Data to process:
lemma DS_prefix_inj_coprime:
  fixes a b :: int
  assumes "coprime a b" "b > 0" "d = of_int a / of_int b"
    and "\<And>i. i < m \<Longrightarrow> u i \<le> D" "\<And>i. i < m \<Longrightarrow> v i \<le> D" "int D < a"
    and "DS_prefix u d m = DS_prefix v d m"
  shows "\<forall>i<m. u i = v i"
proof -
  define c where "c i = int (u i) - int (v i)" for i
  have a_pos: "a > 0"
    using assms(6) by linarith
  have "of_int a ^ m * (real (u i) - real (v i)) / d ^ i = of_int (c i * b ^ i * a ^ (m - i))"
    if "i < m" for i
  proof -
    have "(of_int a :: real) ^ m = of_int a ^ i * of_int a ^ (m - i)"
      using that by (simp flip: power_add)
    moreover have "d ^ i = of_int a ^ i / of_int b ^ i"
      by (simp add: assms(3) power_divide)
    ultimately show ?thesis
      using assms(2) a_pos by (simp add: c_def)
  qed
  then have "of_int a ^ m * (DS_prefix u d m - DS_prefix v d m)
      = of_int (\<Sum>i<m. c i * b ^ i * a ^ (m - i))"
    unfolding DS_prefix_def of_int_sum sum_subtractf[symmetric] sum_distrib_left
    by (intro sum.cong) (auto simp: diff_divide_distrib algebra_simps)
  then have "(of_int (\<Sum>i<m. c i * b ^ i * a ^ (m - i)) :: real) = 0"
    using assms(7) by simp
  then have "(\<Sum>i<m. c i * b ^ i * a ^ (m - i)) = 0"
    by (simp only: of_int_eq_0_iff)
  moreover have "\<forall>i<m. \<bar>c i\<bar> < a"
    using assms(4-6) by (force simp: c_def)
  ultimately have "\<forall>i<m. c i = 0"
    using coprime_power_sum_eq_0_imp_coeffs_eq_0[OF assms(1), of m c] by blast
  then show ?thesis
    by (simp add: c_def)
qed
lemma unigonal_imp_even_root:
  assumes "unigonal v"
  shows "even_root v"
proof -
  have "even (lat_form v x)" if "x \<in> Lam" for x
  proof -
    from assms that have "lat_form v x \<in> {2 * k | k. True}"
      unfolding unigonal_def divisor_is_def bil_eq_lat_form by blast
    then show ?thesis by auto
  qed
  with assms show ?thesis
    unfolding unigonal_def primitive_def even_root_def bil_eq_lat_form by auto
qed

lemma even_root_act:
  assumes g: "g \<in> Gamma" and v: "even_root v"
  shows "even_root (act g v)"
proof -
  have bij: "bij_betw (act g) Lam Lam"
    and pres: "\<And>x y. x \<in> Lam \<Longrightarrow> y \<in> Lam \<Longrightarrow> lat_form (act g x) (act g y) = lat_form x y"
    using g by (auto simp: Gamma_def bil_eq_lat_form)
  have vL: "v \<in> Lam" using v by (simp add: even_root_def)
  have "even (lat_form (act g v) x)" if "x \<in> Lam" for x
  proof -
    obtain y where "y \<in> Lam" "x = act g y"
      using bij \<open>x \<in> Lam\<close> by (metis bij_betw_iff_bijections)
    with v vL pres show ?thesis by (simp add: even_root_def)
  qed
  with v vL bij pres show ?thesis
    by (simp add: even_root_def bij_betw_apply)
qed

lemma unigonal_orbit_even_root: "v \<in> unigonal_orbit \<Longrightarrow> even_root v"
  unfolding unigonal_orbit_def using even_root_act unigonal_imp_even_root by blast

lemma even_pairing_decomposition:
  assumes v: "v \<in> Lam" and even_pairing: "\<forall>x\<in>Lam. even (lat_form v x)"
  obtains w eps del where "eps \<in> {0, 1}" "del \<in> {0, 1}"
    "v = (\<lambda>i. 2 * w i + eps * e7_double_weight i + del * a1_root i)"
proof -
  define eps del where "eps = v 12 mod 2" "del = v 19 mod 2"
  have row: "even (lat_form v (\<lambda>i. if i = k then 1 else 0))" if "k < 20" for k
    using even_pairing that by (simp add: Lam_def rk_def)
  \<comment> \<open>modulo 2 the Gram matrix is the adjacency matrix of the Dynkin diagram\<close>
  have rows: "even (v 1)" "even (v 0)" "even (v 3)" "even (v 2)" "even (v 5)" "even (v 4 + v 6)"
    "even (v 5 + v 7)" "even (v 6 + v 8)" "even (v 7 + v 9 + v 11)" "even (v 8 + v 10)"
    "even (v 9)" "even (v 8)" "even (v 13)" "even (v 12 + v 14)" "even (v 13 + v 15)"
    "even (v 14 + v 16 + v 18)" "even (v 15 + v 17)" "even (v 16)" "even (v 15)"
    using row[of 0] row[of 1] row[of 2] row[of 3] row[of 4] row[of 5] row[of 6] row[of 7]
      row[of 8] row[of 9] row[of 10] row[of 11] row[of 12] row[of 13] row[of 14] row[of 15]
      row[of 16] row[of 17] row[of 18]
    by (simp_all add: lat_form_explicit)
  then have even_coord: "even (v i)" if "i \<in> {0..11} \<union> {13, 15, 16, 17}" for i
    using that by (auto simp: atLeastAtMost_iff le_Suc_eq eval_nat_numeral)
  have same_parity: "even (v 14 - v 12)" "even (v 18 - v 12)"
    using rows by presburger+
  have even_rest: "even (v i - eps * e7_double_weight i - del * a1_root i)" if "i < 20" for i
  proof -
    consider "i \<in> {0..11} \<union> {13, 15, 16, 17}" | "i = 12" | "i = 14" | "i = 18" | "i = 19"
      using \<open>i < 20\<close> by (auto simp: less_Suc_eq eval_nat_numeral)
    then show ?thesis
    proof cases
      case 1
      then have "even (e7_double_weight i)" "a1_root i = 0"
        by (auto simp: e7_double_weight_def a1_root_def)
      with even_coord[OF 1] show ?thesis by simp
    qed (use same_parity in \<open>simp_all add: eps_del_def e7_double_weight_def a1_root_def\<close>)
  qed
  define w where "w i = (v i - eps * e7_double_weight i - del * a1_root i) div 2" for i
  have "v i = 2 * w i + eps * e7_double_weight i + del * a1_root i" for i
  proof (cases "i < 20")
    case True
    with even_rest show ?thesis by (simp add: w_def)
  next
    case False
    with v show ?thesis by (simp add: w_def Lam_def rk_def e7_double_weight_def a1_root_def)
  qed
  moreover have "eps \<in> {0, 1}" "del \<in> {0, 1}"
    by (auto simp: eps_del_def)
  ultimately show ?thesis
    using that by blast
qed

Task goal: All of the entries must be given again, word for word.

Output for this exercise:
lemma DS_prefix_inj_coprime:
  fixes a b :: int
  assumes "coprime a b" "b > 0" "d = of_int a / of_int b"
    and "\<And>i. i < m \<Longrightarrow> u i \<le> D" "\<And>i. i < m \<Longrightarrow> v i \<le> D" "int D < a"
    and "DS_prefix u d m = DS_prefix v d m"
  shows "\<forall>i<m. u i = v i"
proof -
  define c where "c i = int (u i) - int (v i)" for i
  have a_pos: "a > 0"
    using assms(6) by linarith
  have "of_int a ^ m * (real (u i) - real (v i)) / d ^ i = of_int (c i * b ^ i * a ^ (m - i))"
    if "i < m" for i
  proof -
    have "(of_int a :: real) ^ m = of_int a ^ i * of_int a ^ (m - i)"
      using that by (simp flip: power_add)
    moreover have "d ^ i = of_int a ^ i / of_int b ^ i"
      by (simp add: assms(3) power_divide)
    ultimately show ?thesis
      using assms(2) a_pos by (simp add: c_def)
  qed
  then have "of_int a ^ m * (DS_prefix u d m - DS_prefix v d m)
      = of_int (\<Sum>i<m. c i * b ^ i * a ^ (m - i))"
    unfolding DS_prefix_def of_int_sum sum_subtractf[symmetric] sum_distrib_left
    by (intro sum.cong) (auto simp: diff_divide_distrib algebra_simps)
  then have "(of_int (\<Sum>i<m. c i * b ^ i * a ^ (m - i)) :: real) = 0"
    using assms(7) by simp
  then have "(\<Sum>i<m. c i * b ^ i * a ^ (m - i)) = 0"
    by (simp only: of_int_eq_0_iff)
  moreover have "\<forall>i<m. \<bar>c i\<bar> < a"
    using assms(4-6) by (force simp: c_def)
  ultimately have "\<forall>i<m. c i = 0"
    using coprime_power_sum_eq_0_imp_coeffs_eq_0[OF assms(1), of m c] by blast
  then show ?thesis
    by (simp add: c_def)
qed
lemma unigonal_imp_even_root:
  assumes "unigonal v"
  shows "even_root v"
proof -
  have "even (lat_form v x)" if "x \<in> Lam" for x
  proof -
    from assms that have "lat_form v x \<in> {2 * k | k. True}"
      unfolding unigonal_def divisor_is_def bil_eq_lat_form by blast
    then show ?thesis by auto
  qed
  with assms show ?thesis
    unfolding unigonal_def primitive_def even_root_def bil_eq_lat_form by auto
qed

lemma even_root_act:
  assumes g: "g \<in> Gamma" and v: "even_root v"
  shows "even_root (act g v)"
proof -
  have bij: "bij_betw (act g) Lam Lam"
    and pres: "\<And>x y. x \<in> Lam \<Longrightarrow> y \<in> Lam \<Longrightarrow> lat_form (act g x) (act g y) = lat_form x y"
    using g by (auto simp: Gamma_def bil_eq_lat_form)
  have vL: "v \<in> Lam" using v by (simp add: even_root_def)
  have "even (lat_form (act g v) x)" if "x \<in> Lam" for x
  proof -
    obtain y where "y \<in> Lam" "x = act g y"
      using bij \<open>x \<in> Lam\<close> by (metis bij_betw_iff_bijections)
    with v vL pres show ?thesis by (simp add: even_root_def)
  qed
  with v vL bij pres show ?thesis
    by (simp add: even_root_def bij_betw_apply)
qed

lemma unigonal_orbit_even_root: "v \<in> unigonal_orbit \<Longrightarrow> even_root v"
  unfolding unigonal_orbit_def using even_root_act unigonal_imp_even_root by blast

lemma even_pairing_decomposition:
  assumes v: "v \<in> Lam" and even_pairing: "\<forall>x\<in>Lam. even (lat_form v x)"
  obtains w eps del where "eps \<in> {0, 1}" "del \<in> {0, 1}"
    "v = (\<lambda>i. 2 * w i + eps * e7_double_weight i + del * a1_root i)"
proof -
  define eps del where "eps = v 12 mod 2" "del = v 19 mod 2"
  have row: "even (lat_form v (\<lambda>i. if i = k then 1 else 0))" if "k < 20" for k
    using even_pairing that by (simp add: Lam_def rk_def)
  \<comment> \<open>modulo 2 the Gram matrix is the adjacency matrix of the Dynkin diagram\<close>
  have rows: "even (v 1)" "even (v 0)" "even (v 3)" "even (v 2)" "even (v 5)" "even (v 4 + v 6)"
    "even (v 5 + v 7)" "even (v 6 + v 8)" "even (v 7 + v 9 + v 11)" "even (v 8 + v 10)"
    "even (v 9)" "even (v 8)" "even (v 13)" "even (v 12 + v 14)" "even (v 13 + v 15)"
    "even (v 14 + v 16 + v 18)" "even (v 15 + v 17)" "even (v 16)" "even (v 15)"
    using row[of 0] row[of 1] row[of 2] row[of 3] row[of 4] row[of 5] row[of 6] row[of 7]
      row[of 8] row[of 9] row[of 10] row[of 11] row[of 12] row[of 13] row[of 14] row[of 15]
      row[of 16] row[of 17] row[of 18]
    by (simp_all add: lat_form_explicit)
  then have even_coord: "even (v i)" if "i \<in> {0..11} \<union> {13, 15, 16, 17}" for i
    using that by (auto simp: atLeastAtMost_iff le_Suc_eq eval_nat_numeral)
  have same_parity: "even (v 14 - v 12)" "even (v 18 - v 12)"
    using rows by presburger+
  have even_rest: "even (v i - eps * e7_double_weight i - del * a1_root i)" if "i < 20" for i
  proof -
    consider "i \<in> {0..11} \<union> {13, 15, 16, 17}" | "i = 12" | "i = 14" | "i = 18" | "i = 19"
      using \<open>i < 20\<close> by (auto simp: less_Suc_eq eval_nat_numeral)
    then show ?thesis
    proof cases
      case 1
      then have "even (e7_double_weight i)" "a1_root i = 0"
        by (auto simp: e7_double_weight_def a1_root_def)
      with even_coord[OF 1] show ?thesis by simp
    qed (use same_parity in \<open>simp_all add: eps_del_def e7_double_weight_def a1_root_def\<close>)
  qed
  define w where "w i = (v i - eps * e7_double_weight i - del * a1_root i) div 2" for i
  have "v i = 2 * w i + eps * e7_double_weight i + del * a1_root i" for i
  proof (cases "i < 20")
    case True
    with even_rest show ?thesis by (simp add: w_def)
  next
    case False
    with v show ?thesis by (simp add: w_def Lam_def rk_def e7_double_weight_def a1_root_def)
  qed
  moreover have "eps \<in> {0, 1}" "del \<in> {0, 1}"
    by (auto simp: eps_del_def)
  ultimately show ?thesis
    using that by blast
qed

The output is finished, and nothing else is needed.